Objective:To explore the differences of risk stratification of very high-risk or extreme high-risk atherosclerotic cardiovascular diseases (ASCVD) and the attainment rates of low-density lipoprotein cholesterol (LDL-C) management targets evaluated by three different criteria, and the causal attributions of these differences.Methods:Patients with ASCVD were consecutively enrolled from January 1 to December 31 in 2019, and were evaluated for very high-risk or extreme high-risk and LDL-C goal attainment rates with 2018 American guideline on the management of blood cholesterol (2018AG), 2019 China Cholesterol Education Program (CCEP) Expert Advice for the management of dyslipidemias (2019EA) and 2020 Chinese expert consensus on lipid management of very high-risk ASCVD patients(2020EC), respectively.
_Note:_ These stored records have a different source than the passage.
(* For a member A of an idempotent p the set
   A* = {x in A. -x+A in p} is again in p, and -x+A* is in p for every x in A*.
   Given a decreasing sequence A_0, A_1, ... in p, choose z_n in A_n* and in
   -s+A_m* for every earlier finite sum s whose least index is m: this is a finite
   intersection of members of p, hence nonempty, and it keeps every finite sum of
   the z's inside A* of its least index. Applied to A_i = C_1 \<inter> ... \<inter> C_(i+1),
   the sequences Y_n are consecutive blocks of length a_n of z; the block of Y_n
   starts at an index \<ge> n - 1, so its sums lie in C_n. *)

lemma ultrafilter_N_Int: "ultrafilter_N p \<Longrightarrow> A \<in> p \<Longrightarrow> B \<in> p \<Longrightarrow> A \<inter> B \<in> p"
  unfolding ultrafilter_N_def by (elim conjE) blast

lemma ultrafilter_N_subset_PN: "ultrafilter_N p \<Longrightarrow> A \<in> p \<Longrightarrow> A \<subseteq> PN"
  unfolding ultrafilter_N_def by (elim conjE) blast

lemma ultrafilter_N_PN: "ultrafilter_N p \<Longrightarrow> PN \<in> p"
  unfolding ultrafilter_N_def by (elim conjE)

lemma ultrafilter_N_nonempty: "ultrafilter_N p \<Longrightarrow> A \<in> p \<Longrightarrow> A \<noteq> {}"
  unfolding ultrafilter_N_def by (elim conjE) blast

lemma ultrafilter_N_Int_INT:
  assumes "ultrafilter_N p" "finite S" "B \<in> p" "\<forall>s\<in>S. f s \<in> p"
  shows "B \<inter> (\<Inter>s\<in>S. f s) \<in> p"
  using assms(2,4)
proof (induction S rule: finite_induct)
  case empty
  then show ?case using assms(3) by simp
next
  case (insert s S)
  have "B \<inter> (\<Inter>t\<in>insert s S. f t) = (B \<inter> (\<Inter>t\<in>S. f t)) \<inter> f s" by auto
  then show ?case using insert ultrafilter_N_Int[OF assms(1)] by simp
qed

lemma idempotent_N_ultrafilter_N: "idempotent_N p \<Longrightarrow> ultrafilter_N p"
  by (simp add: idempotent_N_def)

lemma shiftN_shiftN: "shiftN y (shiftN x A) = shiftN (x + y) A"
  unfolding shiftN_def PN_def by (auto simp: add.assoc)

definition star_set :: "nat set set \<Rightarrow> nat set \<Rightarrow> nat set" where
  "star_set p A = {x \<in> A. shiftN x A \<in> p}"

lemma star_set_subset: "star_set p A \<subseteq> A"
  unfolding star_set_def by auto

lemma star_set_mem:
  assumes "idempotent_N p" "A \<in> p"
  shows "star_set p A \<in> p"
proof -
  have uf: "ultrafilter_N p" using assms(1) by (rule idempotent_N_ultrafilter_N)
  have "A \<in> uplus p p" using assms by (simp add: idempotent_N_def)
  then have "{x \<in> PN. shiftN x A \<in> p} \<in> p" unfolding uplus_def by blast
  then have "{x \<in> PN. shiftN x A \<in> p} \<inter> A \<in> p" using ultrafilter_N_Int[OF uf] assms(2) by blast
  moreover have "{x \<in> PN. shiftN x A \<in> p} \<inter> A = star_set p A"
    using ultrafilter_N_subset_PN[OF uf assms(2)] unfolding star_set_def by auto
  ultimately show ?thesis by simp
qed

lemma shiftN_star_set_mem:
  assumes "idempotent_N p" "A \<in> p" "x \<in> star_set p A"
  shows "shiftN x (star_set p A) \<in> p"
proof -
  have "shiftN x (star_set p A) = star_set p (shiftN x A)"
    unfolding star_set_def using shiftN_shiftN[of _ x A] by (auto simp: shiftN_def)
  moreover have "shiftN x A \<in> p" using assms(3) star_set_def by blast
  ultimately show ?thesis using star_set_mem[OF assms(1)] by simp
qed

definition next_terms :: "nat set set \<Rightarrow> (nat \<Rightarrow> nat set) \<Rightarrow> nat list \<Rightarrow> nat set" where
  "next_terms p A zs = star_set p (A (length zs)) \<inter>
     (\<Inter>H\<in>{H. H \<noteq> {} \<and> H \<subseteq> {..<length zs}}. shiftN (\<Sum>i\<in>H. zs ! i) (star_set p (A (Min H))))"

primrec star_seq_prefix :: "nat set set \<Rightarrow> (nat \<Rightarrow> nat set) \<Rightarrow> nat \<Rightarrow> nat list" where
  "star_seq_prefix p A 0 = []"
| "star_seq_prefix p A (Suc n) =
     star_seq_prefix p A n @ [SOME x. x \<in> next_terms p A (star_seq_prefix p A n)]"

definition star_seq :: "nat set set \<Rightarrow> (nat \<Rightarrow> nat set) \<Rightarrow> nat \<Rightarrow> nat" where
  "star_seq p A n = star_seq_prefix p A (Suc n) ! n"

lemma length_star_seq_prefix: "length (star_seq_prefix p A n) = n"
  by (induction n) auto

lemma nth_star_seq_prefix: "i < n \<Longrightarrow> star_seq_prefix p A n ! i = star_seq p A i"
proof (induction n)
  case 0
  then show ?case by simp
next
  case (Suc n)
  then show ?case
    by (auto simp: nth_append length_star_seq_prefix star_seq_def less_Suc_eq)
qed

lemma star_seq_eq_some: "star_seq p A n = (SOME x. x \<in> next_terms p A (star_seq_prefix p A n))"
  by (simp add: star_seq_def nth_append length_star_seq_prefix)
The causal attributions of the differences in attainment rates were analyzed as well.Results:A total of 1 864 ASCVD patients were included in this study. According to 2018AG, 2019EA and 2020EC, the proportions of the patients with very high-risk or extreme high-risk were 59.4%, 90.7%, and 65.6%, respectively. The absolute LDL-C target attainment rates were 37.2%, 15.7%, and 13.7%, respectively, the differences between each two rates were statistically significant (all P<0.001). As to the differences in attainment rates between 2020EC and 2018AG, 61.5% were due to the different LDL-C goal attainment values and 38.5% were caused by the different risk stratifications, while for the differences between 2020EC and 2019EA attainment rates, different LDL-C goal attainment values were responsible for 13.2%, and different risk stratifications were responsible for 86.8% of the differences. Conclusions:There are significant differences in the proportions and LDL-C attainment rates among the three different criteria for very high-risk or extreme high-risk ASCVD. 2020EC showed a moderate proportion of patients with extreme high-risk, and had the lowest LDL-C attainment rate. The differences between 2020EC and 2018AG are mainly due to the LDL-C target values, and the differences between 2020EC and 2019EA are mainly caused by the risk stratifications.